Monmouth is a city in Polk County in the U.S. state of Oregon. Take a look below for 15 awesome and interesting facts about Monmouth, Oregon, United States.

1. It was named for Monmouth, Illinois, the origin of its earliest settlers.

2. The population is 9,534 at the 2010 Census and it is part of the Salem Metropolitan Statistical Area.

3. Monmouth was settled in 1853 by a group of pioneers who allocated 640 acres (2.6 km2) to build both a city and a “college under the auspices of the Christian Church”, and proceeds from the sale of these lands were used to found Monmouth University, currently known as Western Oregon University.

4. For decades, Monmouth was a dry town that banned the sale of alcoholic beverages in supermarkets, restaurants and bars.

5. Monmouth’s status as the last dry town in Oregon was ended by a popular vote in the November 2002 election.

6. Monmouth was settled by Elijah Davidson and his family. Originally a member of the Christian Church of Cameron (Monmouth, Illinois), Davidson was a devout advocate of prohibition.

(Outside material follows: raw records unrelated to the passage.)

(* Let $k\geq2$ be an integer, let $\mathcal{S}$ be a ring, and let $P$ be a property of sequences over $\mathcal{S}$ (i.e., for each sequence over $\mathcal{S}$, $P$ is either true or false). Extend $P$ to sequences of matrices over $\mathcal{S}$ in one of the following two ways: $P$ holds for a sequence of matrices iff $P$ holds for (1) all, or (2) at least one, of the scalar sequences obtained by fixing an entry (fixed row and column). If $P$ is recursively solvable for $k$-regular sequences over $\mathcal{S}$, then $P$ (so extended) is recursively solvable for matrix-valued linear representation sequences of sets of $k$ square matrices over $\mathcal{S}$, all of the same dimension.
   Context: For $n\in\mathbb{N}_0$ let $(n)_k=n_{s-1}\cdots n_0$ be the standard base-$k$ representation of $n$ (no leading zeros; $(0)_k$ empty). A sequence $(f(n))_{n\geq0}$ over $\mathcal{S}$ is $k$-regular if there exist $r\geq0$, a $1\times r$ row vector $v$, an $r\times1$ column vector $w$ and $r\times r$ matrices $M_0,\dots,M_{k-1}$ with entries in $\mathcal{S}$ such that $f(n)=vM_{n_0}\cdots M_{n_{s-1}}w$ for all $n$; such a sequence is given to an algorithm via such a representation. Given square matrices $F_0,\dots,F_{k-1}$ over $\mathcal{S}$ of the same dimension, their matrix-valued linear representation sequence is $(F(n))_{n\geq0}$ with $F(n)=F_{n_0}\cdots F_{n_{s-1}}$ for $(n)_k=n_{s-1}\cdots n_0$; it is given to an algorithm via the matrices $F_0,\dots,F_{k-1}$. *)

theory Defs
  imports "HOL-Library.Nat_Bijection" "Jordan_Normal_Form.Matrix"
begin

datatype recf = Zero | Succ | Proj nat | Comp recf "recf list" | Pr recf recf | Mn recf

inductive eval_recf :: "recf \<Rightarrow> nat list \<Rightarrow> nat \<Rightarrow> bool" where
  eval_Zero: "eval_recf Zero xs 0"
| eval_Succ: "eval_recf Succ (x # xs) (Suc x)"
| eval_Proj: "i < length xs \<Longrightarrow> eval_recf (Proj i) xs (xs ! i)"
| eval_Comp: "list_all2 (\<lambda>g y. eval_recf g xs y) gs ys \<Longrightarrow> eval_recf f ys z
              \<Longrightarrow> eval_recf (Comp f gs) xs z"
| eval_Pr0: "eval_recf f xs z \<Longrightarrow> eval_recf (Pr f g) (0 # xs) z"
| eval_PrS: "eval_recf (Pr f g) (n # xs) y \<Longrightarrow> eval_recf g (y # n # xs) z
              \<Longrightarrow> eval_recf (Pr f g) (Suc n # xs) z"
| eval_Mn: "eval_recf f (n # xs) 0 \<Longrightarrow> (\<forall>m<n. \<exists>y. eval_recf f (m # xs) y \<and> y \<noteq> 0)
              \<Longrightarrow> eval_recf (Mn f) xs n"

definition recursively_solvable ::
  "('b \<Rightarrow> nat) \<Rightarrow> ('b \<Rightarrow> bool) \<Rightarrow> ('b \<Rightarrow> bool) \<Rightarrow> bool" where
  "recursively_solvable code valid Q \<longleftrightarrow>
     (\<exists>f. \<forall>x. valid x \<longrightarrow> eval_recf f [code x] (if Q x then 1 else 0))"

definition mat_code :: "('a \<Rightarrow> nat) \<Rightarrow> 'a mat \<Rightarrow> nat" where
  "mat_code enc A = list_encode [dim_row A, dim_col A,
     list_encode [enc (A $$ (i, j)). i \<leftarrow> [0..<dim_row A], j \<leftarrow> [0..<dim_col A]]]"

definition linrep_code :: "('a \<Rightarrow> nat) \<Rightarrow> 'a mat \<times> 'a mat list \<times> 'a mat \<Rightarrow> nat" where
  "linrep_code enc x = (case x of (v, Ms, w) \<Rightarrow>
     list_encode [mat_code enc v, list_encode (map (mat_code enc) Ms), mat_code enc w])"

definition matlist_code :: "('a \<Rightarrow> nat) \<Rightarrow> 'a mat list \<Rightarrow> nat" where
  "matlist_code enc Fs = list_encode (map (mat_code enc) Fs)"

function base_digits :: "nat \<Rightarrow> nat \<Rightarrow> nat list" where
  "base_digits k n = (if n = 0 \<or> k < 2 then [] else n mod k # base_digits k (n div k))"
  by auto
termination by (relation "measure snd") auto

definition mat_prod_list :: "nat \<Rightarrow> 'a::semiring_1 mat list \<Rightarrow> 'a mat" where
  "mat_prod_list d Ms = foldr (*) Ms (1\<^sub>m d)"

definition valid_linrep :: "nat \<Rightarrow> 'a mat \<times> 'a mat list \<times> 'a mat \<Rightarrow> bool" where
  "valid_linrep k x = (case x of (v, Ms, w) \<Rightarrow>
     v \<in> carrier_mat 1 (dim_col v) \<and> w \<in> carrier_mat (dim_col v) 1 \<and>
     length Ms = k \<and> (\<forall>M \<in> set Ms. M \<in> carrier_mat (dim_col v) (dim_col v)))"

In 1852, sixty-three-year-old Elijah Davidson and his family set out for Oregon Territory.

7. By 1854, more than a dozen Disciples families from Monmouth, many of them related to each other or to Davidson, had joined him.

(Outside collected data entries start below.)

lemma hbar_avg_Qhbar_odd: "hbar_avg P (Qhbar_odd P g) = 0"
proof (rule fps_ext)
  fix m
  define f where "f s t = \<i> * gexp_avg P (fps_deriv (hbar_coeff g s)) $ t" for s t
  have "hbar_coeff (Qhbar_odd P g) s = (fps_X + fps_of_poly (pderiv P)) * hbar_coeff g s
       - (if s = 0 then 0 else fps_const \<i> * fps_deriv (hbar_coeff g (s - 1)))" for s
    by (simp add: Qhbar_odd_def hbar_coeff_diff hbar_coeff_add distrib_right hbar_coeff_fps_X_mult
        hbar_coeff_xpoly_mult hbar_coeff_ihbar_mult hbar_coeff_deriv)
  then have "gexp_avg P (hbar_coeff (Qhbar_odd P g) s) $ (m - s) =
     (if m - s = 0 then 0 else f s (m - s - 1)) - (if s = 0 then 0 else f (s - 1) (m - s))" for s
    by (simp add: gexp_avg_diff gexp_avg_schwinger_dyson gexp_avg_const_mult gexp_avg_zero
        f_def mult.assoc fps_X_mult_nth)
  then show "hbar_avg P (Qhbar_odd P g) $ m = 0 $ m"
    unfolding hbar_avg_nth using sum_atMost_antidiagonal_shift[of m f] by simp
qed

lemma hbar_avg_mdK_even: "hbar_avg P a = a $ 0 * gexp_avg P 1 + hbar_avg P (mdK_even P a)"
  by (subst even_decomposition[of a P]) (simp add: hbar_avg_add hbar_avg_const hbar_avg_Qhbar_odd)

lemma hbar_avg_mdK_even_power:
  "hbar_avg P a = (\<Sum>k<N. (mdK_even P ^^ k) a $ 0) * gexp_avg P 1 + hbar_avg P ((mdK_even P ^^ N) a)"
proof (induction N)
  case (Suc N)
  then show ?case
    using hbar_avg_mdK_even[of "(mdK_even P ^^ N) a"] by (simp add: distrib_right)
qed simp

lemma pint_series_sum: "fsum1 (pint_series P (xser Ob, 0)) = gexp_avg P Ob / gexp_avg P 1"
proof -
  define a where "a = xser Ob"
  define p where "p = fsum1 (pint_series P (xser Ob, 0))"
  have p_nth: "p $ q = (\<Sum>k<N. (mdK_even P ^^ k) a $ 0 $ q)" if "3*q < N" for q N
  proof -
    have "\<forall>k\<ge>N. pint_series P (xser Ob, 0) k $ q = 0"
      using weight_ge_mdK_even_power[of _ a] that by (auto simp: pint_series_eq a_def weight_ge_def)
    then show ?thesis unfolding p_def by (simp add: fsum1_nth_eq_sum pint_series_eq a_def)
  qed
  have factor: "gexp_avg P Ob = p * gexp_avg P 1"
  proof (rule fps_ext)
    fix m
    define N where "N = Suc (6*m)"
    have "gexp_avg P Ob $ m = hbar_avg P a $ m" by (simp add: a_def hbar_avg_xser)
    also have "\<dots> = ((\<Sum>k<N. (mdK_even P ^^ k) a $ 0) * gexp_avg P 1) $ m
                    + hbar_avg P ((mdK_even P ^^ N) a) $ m"
      by (subst hbar_avg_mdK_even_power[of a N]) simp
    also have "hbar_avg P ((mdK_even P ^^ N) a) $ m = 0"
      by (rule hbar_avg_nth_eq_0_if_weight_ge[OF weight_ge_mdK_even_power]) (simp add: N_def)
    also have "((\<Sum>k<N. (mdK_even P ^^ k) a $ 0) * gexp_avg P 1) $ m = (p * gexp_avg P 1) $ m"
    proof (rule fps_mult_nth_cong_initial, intro allI impI)
      fix i assume "i \<le> m"
      then have "3*i < N" by (simp add: N_def)
      then show "(\<Sum>k<N. (mdK_even P ^^ k) a $ 0) $ i = p $ i"
        by (simp only: fps_sum_nth p_nth)
    qed
    finally show "gexp_avg P Ob $ m = (p * gexp_avg P 1) $ m" by simp
  qed
  have "gexp_avg P 1 \<noteq> 0"
    using gexp_avg_one_nth_0 by auto
  then show ?thesis using factor by (simp add: p_def)
qed

section \<open>The classical limit\<close>

lemma mod_hbar_Kint_series_sum_mult_dS:
  "mod_hbar (snd (sf_sum (Kint_series P (xser Ob, 0)))) * (fps_X + fps_of_poly (pderiv P))
     = Ob - fps_const (Ob $ 0)"
proof (rule fps_ext)
  fix n
  define a where "a = xser Ob"
  define Pd where "Pd = fps_of_poly (pderiv P)"
  define u where "u k = hbar_coeff ((mdK_even P ^^ k) a) 0" for k
  define Y where "Y = mod_hbar (snd (sf_sum (Kint_series P (xser Ob, 0))))"
  have u_0: "u 0 = Ob" by (simp add: u_def a_def hbar_coeff_xser)
  have u_Suc: "u (Suc k) = - (Pd * fps_shift 1 (u k))" for k
    by (simp add: u_def hbar_coeff_mdK_even Pd_def)
  have u_nth: "u k $ n = 0" if "n < k" for k n
    using weight_ge_mdK_even_power[of k a] that by (simp add: u_def weight_ge_def)
  have Pd_0: "Pd $ 0 = 0" using fps_of_poly_pderiv_nth_eq_0_below_2 by (simp add: Pd_def)
  have Y_nth: "Y $ i = (\<Sum>k\<le>N. fps_shift 1 (u k)) $ i" if "i < N" for i N
  proof -
    have "Y $ i = fsum2 (\<lambda>k. fps_shift 1 ((mdK_even P ^^ k) a)) $ i $ 0"
      by (simp add: Y_def sf_sum_def Kint_series_eq mod_hbar_def a_def)
    also have "\<dots> = (\<Sum>k<Suc N. fps_shift 1 ((mdK_even P ^^ k) a) $ i $ 0)"
      by (rule fsum2_nth_eq_sum)
        (use weight_ge_mdK_even_power[of _ a] that in \<open>auto simp: weight_ge_def\<close>)
    finally show ?thesis by (simp add: u_def fps_sum_nth lessThan_Suc_atMost)
  qed
  have "(Y * (fps_X + Pd)) $ n = ((\<Sum>k\<le>Suc n. fps_shift 1 (u k)) * (fps_X + Pd)) $ n"
    using Y_nth[of _ "Suc n"] by (intro fps_mult_nth_cong_initial) (simp del: sum.atMost_Suc)
  also have "\<dots> = (Ob - fps_const (Ob $ 0)) $ n"
    using fps_shift_sum_mult_telescope[of Pd u "Suc n", OF Pd_0 u_Suc] u_0 u_nth[of n "Suc (Suc n)"]
    by simp
  finally show "(Y * (fps_X + fps_of_poly (pderiv P))) $ n = (Ob - fps_const (Ob $ 0)) $ n"
    by (simp only: Pd_def)
qed

lemma mod_hbar_Kint_series_sum:
  "mod_hbar (snd (sf_sum (Kint_series P (xser Ob, 0))))
     = (Ob - fps_const (Ob $ 0)) / fps_of_poly ([:0, 1:] + pderiv P)"
proof -
  have "fps_of_poly ([:0, 1:] + pderiv P) = fps_X + fps_of_poly (pderiv P)"
    by (simp add: fps_of_poly_add fps_of_poly_pCons)
  moreover have "fps_X + fps_of_poly (pderiv P) \<noteq> 0"
    using fps_of_poly_pderiv_nth_eq_0_below_2 by (auto simp: fps_eq_iff intro!: exI[of _ 1])
  ultimately show ?thesis
    by (metis mod_hbar_Kint_series_sum_mult_dS nonzero_mult_div_cancel_right)
qed

end

theorem mainTheorem10:
  fixes P :: "complex poly"
  assumes "\<forall>k<3. coeff P k = 0"
  shows
   "(\<forall>c. sf_summable (iint_series P c) \<and> sf_sum (iint_series P c) = iop c)
    \<and> (\<forall>v. summable1 (pint_series P v))
    \<and> (\<forall>v. sf_summable (Kint_series P v))
    \<and> (\<forall>Ob. gexp_summable P Ob \<and> (\<forall>m<0. gexp_coeff P Ob m = 0))
    \<and> (\<forall>Ob. fsum1 (pint_series P (xser Ob, 0)) = gexp_avg P Ob / gexp_avg P 1)
    \<and> (\<forall>f. sf_sum (Kint_series P (0, f)) = (0, 0))
    \<and> (\<forall>Ob. mod_hbar (fst (sf_sum (Kint_series P (xser Ob, 0)))) = 0
          \<and> mod_hbar (snd (sf_sum (Kint_series P (xser Ob, 0))))
              = (Ob - fps_const (Ob $ 0)) / fps_of_poly ([:0, 1:] + pderiv P))"
  using iint_series_sum pint_series_summable[OF assms] Kint_series_summable[OF assms]
    gexp_summable_no_negative_powers[OF assms] pint_series_sum[OF assms] Kint_series_sum_odd
    mod_hbar_fst_Kint_series_sum mod_hbar_Kint_series_sum[OF assms]
  by blast

end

8. In February 1859, Davidson and other trustees efforts to prohibit the importation, exportation, sale, and consumption of alcohol in Monmouth became a reality.

9. One of the main arguments Davidson and his fellow religious supporters used to push prohibition legislation was, “to enable them to suppress and prevent nuisances, to render the possession of life and property more secure, [and] to enable them to improve and embellish the streets of the town.”

10. Despite the efforts of certain merchants to repeal prohibition in Monmouth throughout its history, their efforts proved fruitless.

11. What was most important to the local religious community was to keep prohibition for the betterment of the social order of Monmouth.

12. Although opponents raised religious, moral, economic, and quality-of-life arguments similar to those preached during the nineteenth century, they also brought two new arguments to center stage: the historic nature of Monmouth’s prohibition and the uniqueness that local prohibition brought to the town.

13. Eventually support for the prohibition ordinance started to wear thin throughout the community of Monmouth. Although die-hard supporters of prohibition continued to fight the inevitable, there were signs that it was starting to become more and more detrimental to the social and economic aspects of the community.

14. Some claim that prohibition had reduced property values, others that it restricted development of the business sector in town. Opponents of repeal brought forth many arguments for staying dry, including initiating one rumor that the land donated so long ago for the site of the University would revert to the heirs of the donors if the ordinance was repealed, resulting in a huge cost to the state to repurchase it.

15. After failing by a nearly 5 to 1 margin in the early 1970s, repeal was passed by the voters in November 2002, and Monmouth ended its long tenure as the last dry town on the west coast.